I really have no ideas -- something with Euler's Criterion maybe? -- any help would be appreciated. Thanks. - Nov 4th 2010, 11:09 PMroninpro
You should try using the Chinese Remainder Theorem.

It will suffice to show that $\displaystyle a^{\varphi(n)/2}\equiv 1\pmod{r}$ and $\displaystyle a^{\varphi(n)/2}\equiv 1\pmod{s}$ simultaneously. Keep in mind that $\displaystyle \varphi(n)=\varphi(rs)=\varphi(r)\varphi(s)$. - Nov 4th 2010, 11:43 PMkimberu
Thank you! In trying the Chinese Remainder Theorem on those two congruences, if I set x = $\displaystyle a^{\varphi(n)/2} $, I get that N1 = rs/r = s and N2 = rs/s = r, and then I get stuck again at solving sx $\displaystyle \equiv$ 1 (mod r) and rx $\displaystyle \equiv$ 1 (mod s). Did I do something wrong here?

- Nov 5th 2010, 12:50 AMmelese
Note that here $\displaystyle gcd(a,n)=1 $, and therefore $\displaystyle gcd(a,r)=gcd(a,s)=1$.

Euler's Theorem implies that $\displaystyle a^{\phi(r)}\equiv1\bmod r$; also $\displaystyle \phi(r)$ is even since $\displaystyle r\geq3$. Hence $\displaystyle a^{(\phi(r)\cdot\phi(s))/2}=(a^{\phi(r)})^{\phi(s)/2}\equiv1^{\phi(s)/2}=1\bmod r$. In a similar way, we have the congruence $\displaystyle a^{(\phi(r)\cdot\phi(s))/2}\equiv1\bmod s$.

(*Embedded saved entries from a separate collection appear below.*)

lemma sum_representations_sumset:
  assumes "finite A" and "finite C"
  shows "(\<Sum>x\<in>(\<lambda>(a, c). (a + c) mod p) ` (A \<times> C). real (representations p A C x))
      = real (card A) * real (card C)"
proof -
  have "(\<Sum>x\<in>(\<lambda>(a, c). (a + c) mod p) ` (A \<times> C). (\<Sum>y\<in>{y \<in> A \<times> C. (\<lambda>(a, c). (a + c) mod p) y = x}. 1))
      = (\<Sum>y\<in>A \<times> C. (1::real))"
    by (rule sum.group) (use assms in auto)
  moreover have "{(a, c) \<in> A \<times> C. (a + c) mod p = x} = {y \<in> A \<times> C. (\<lambda>(a, c). (a + c) mod p) y = x}"
    for x by auto
  ultimately show ?thesis by (simp add: representations_def card_cartesian_product)
qed

lemma energy_ge_card_sumset:
  assumes A: "finite A" and C: "finite C"
  shows "(real (card A) * real (card C))\<^sup>2
     \<le> real (add_energy p A C) * real (card ((\<lambda>(a, c). (a + c) mod p) ` (A \<times> C)))"
proof -
  define S where "S = (\<lambda>(a, c). (a + c) mod p) ` (A \<times> C)"
  define r where "r x = real (representations p A C x)" for x
  have "(\<Sum>x\<in>S. 1 * r x)\<^sup>2 \<le> (\<Sum>x\<in>S. 1\<^sup>2) * (\<Sum>x\<in>S. (r x)\<^sup>2)"
    by (rule Cauchy_Schwarz_ineq_sum)
  also have "\<dots> \<le> real (card S) * real (add_energy p A C)"
    unfolding r_def using sum_representations_squared_le_energy[OF A C, of S] A C S_def by (simp add: mult_left_mono)
  finally show ?thesis
    using sum_representations_sumset[OF A C, of p] unfolding S_def r_def by (simp add: mult.commute)
qed

lemma representations_dilset:
  assumes p: "prime (p::int)" and b: "b \<in> Fp_star p" and D: "D \<subseteq> Fp p" and x: "x \<in> Fp p"
  shows "card {y \<in> D. fdiv p ((x - y) mod p) b \<in> D} = representations p D (dilset p b D) x"
  unfolding representations_def
proof (rule bij_betw_same_card[where f = "\<lambda>y. (y, (x - y) mod p)"], rule bij_betw_byWitness[where f' = fst])
  show "\<forall>y\<in>{y \<in> D. fdiv p ((x - y) mod p) b \<in> D}. fst (y, (x - y) mod p) = y" by simp
  show "\<forall>z\<in>{(a, c) \<in> D \<times> dilset p b D. (a + c) mod p = x}. (fst z, (x - fst z) mod p) = z"
    using x by (auto simp: mod_eq_self_Fp mod_diff_left_eq dest: subsetD[OF dilset_subset_Fp[OF p]])
  show "(\<lambda>y. (y, (x - y) mod p)) ` {y \<in> D. fdiv p ((x - y) mod p) b \<in> D}
      \<subseteq> {(a, c) \<in> D \<times> dilset p b D. (a + c) mod p = x}"
    using x mem_dilset_iff[OF p b D mod_in_Fp[OF p]] by (auto simp: mod_add_right_eq mod_eq_self_Fp)
  show "fst ` {(a, c) \<in> D \<times> dilset p b D. (a + c) mod p = x} \<subseteq> {y \<in> D. fdiv p ((x - y) mod p) b \<in> D}"
    using x mem_dilset_iff[OF p b D] dilset_subset_Fp[OF p]
    by (force simp: mod_eq_self_Fp mod_diff_left_eq)
qed

lemma mult_le_indicator_mult:
  fixes u v T :: real
  assumes "0 \<le> u" "u \<le> (if P then T else 0)" "0 \<le> v" "v \<le> (if Q then T else 0)"
  shows "u * v \<le> (if P \<and> Q then T\<^sup>2 else 0)"
  using assms mult_mono[of u T v T] by (auto simp: power2_eq_square split: if_splits)

lemma conv_dil_le_representations:
  assumes p: "prime (p::int)" and b: "b \<in> Fp_star p" and D: "D \<subseteq> Fp p" and x: "x \<in> Fp p"
    and f: "\<And>x. x \<in> Fp p \<Longrightarrow> 0 \<le> f x \<and> f x \<le> (if x \<in> D then T else 0)"
    and g: "\<And>x. x \<in> Fp p \<Longrightarrow> 0 \<le> g x \<and> g x \<le> (if x \<in> D then T else 0)"
  shows "conv p f (dil p b g) x \<le> T\<^sup>2 * real (representations p D (dilset p b D) x)"
proof -
  have "conv p f (dil p b g) x
      \<le> (\<Sum>y\<in>Fp p. if y \<in> D \<and> fdiv p ((x - y) mod p) b \<in> D then T\<^sup>2 else 0)"
    unfolding conv_def dil_def
    using f g[OF fdiv_correct(1)[OF p b]] by (intro sum_mono mult_le_indicator_mult) blast+
  also have "\<dots> = (\<Sum>y\<in>{y \<in> Fp p. y \<in> D \<and> fdiv p ((x - y) mod p) b \<in> D}. T\<^sup>2)"
    by (rule sum.inter_filter[symmetric]) simp
  also have "{y \<in> Fp p. y \<in> D \<and> fdiv p ((x - y) mod p) b \<in> D} = {y \<in> D. fdiv p ((x - y) mod p) b \<in> D}"
    using D by auto
  finally show ?thesis using representations_dilset[OF p b D x] by (simp add: mult.commute)
qed
fun is_Q :: "side \<Rightarrow> ('a, 'm) ring_scheme \<Rightarrow> ('q, 'n) ring_scheme \<Rightarrow> ('a \<Rightarrow> 'q) \<Rightarrow> bool" where
  "is_Q Lft A Q \<iota> = is_left_fractions A (S_Ore Lft A) Q \<iota>"
| "is_Q Rgt A Q \<iota> = is_right_fractions A (S_Ore Rgt A) Q \<iota>"
| "is_Q Two A Q \<iota> = is_left_fractions A (S_Ore Two A) Q \<iota>"

end

(*
  Fix a *-localizable S0 with ass(S0) = a, let pi : R -> A = R/a be the projection and
  (Q, iota) the ring of fractions Q_*(A).  Put T = pi^-1(S_*(A)).

  If S is *-localizable, then R/ass(S) embeds into R<S^-1>, and R<S^-1> consists of one-sided
  fractions over the image of S; pulled back along this embedding, the image of S in R/ass(S)
  is a regular *-Ore set.  Hence every S with ass(S) = a lies in T.

  Conversely, the existence of Q_*(A) forces S_*(A) to be the preimage of the units of Q, so
  T is the preimage of the units of Q under iota o pi.  By the universal property of
  R<T^-1>, iota o pi extends to phi : R<T^-1> -> Q.  The Ore condition of S_*(A) lifts to an
  Ore condition on T modulo a, so R<T^-1> again consists of one-sided fractions.  Since
  S0 <= T, we get a = ass(S0) <= ass(T), while phi shows ass(T) <= a; with ass(T) = a both
  maps R -> R<T^-1> and iota o pi have kernel a, which makes phi injective, and phi is
  surjective because Q consists of fractions over S_*(A).  So T is *-localizable with
  ass(T) = a, i.e. T = T_{*,a}(R), and phi is the required isomorphism; it identifies the
  units of R<T^-1> and of Q, which gives the last two descriptions of T.
*)

theory Submission
  imports Defs
begin

section \<open>The free ring\<close>

definition conv :: "('b list \<Rightarrow> int) \<Rightarrow> ('b list \<Rightarrow> int) \<Rightarrow> 'b list \<Rightarrow> int" where
  "conv f g = (\<lambda>w. \<Sum>i\<le>length w. f (take i w) * g (drop i w))"

definition supp :: "('b \<Rightarrow> int) \<Rightarrow> 'b set" where
  "supp f = {w. f w \<noteq> 0}"

lemma free_ring_simps:
  "carrier (free_ring A S) = fr_carrier A S"
  "mult (free_ring A S) = conv"
  "one (free_ring A S) = mon []"
  "zero (free_ring A S) = (\<lambda>w. 0)"
  "add (free_ring A S) = (\<lambda>f g w. f w + g w)"
  by (auto simp: free_ring_def conv_def mon_def fun_eq_iff)

lemma supp_mon: "supp (mon u) = {u}"
  by (auto simp: supp_def mon_def)

lemma conv_mon: "conv (mon u) (mon v) = mon (u @ v)"
proof (rule ext)
  fix w
  have split_iff: "(take i w = u \<and> drop i w = v) \<longleftrightarrow> (i = length u \<and> w = u @ v)"
    if "i \<le> length w" for i
    using that by (metis append_eq_conv_conj length_take min.absorb2)
  have "conv (mon u) (mon v) w = (\<Sum>i\<le>length w. if i = length u \<and> w = u @ v then 1 else 0)"
    unfolding conv_def mon_def by (rule sum.cong) (use split_iff in auto)
  also have "\<dots> = mon (u @ v) w"
    by (cases "w = u @ v") (auto simp: mon_def)
  finally show "conv (mon u) (mon v) w = mon (u @ v) w" .
qed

By hypothesis $\displaystyle gcd(r,s)=1 $, so we can merge the main congruences to one that is equivalent, namely $\displaystyle a^{\phi(r)\cdot\phi(s))/2}\equiv1\bmod rs$. But $\displaystyle \phi(n)=\phi(r)\cdot\phi(s)$, so $\displaystyle a^{\phi(n)/2}\equiv1\bmod n$. - Nov 5th 2010, 01:04 AMkimberu
Thank you so much! I think I understand it now.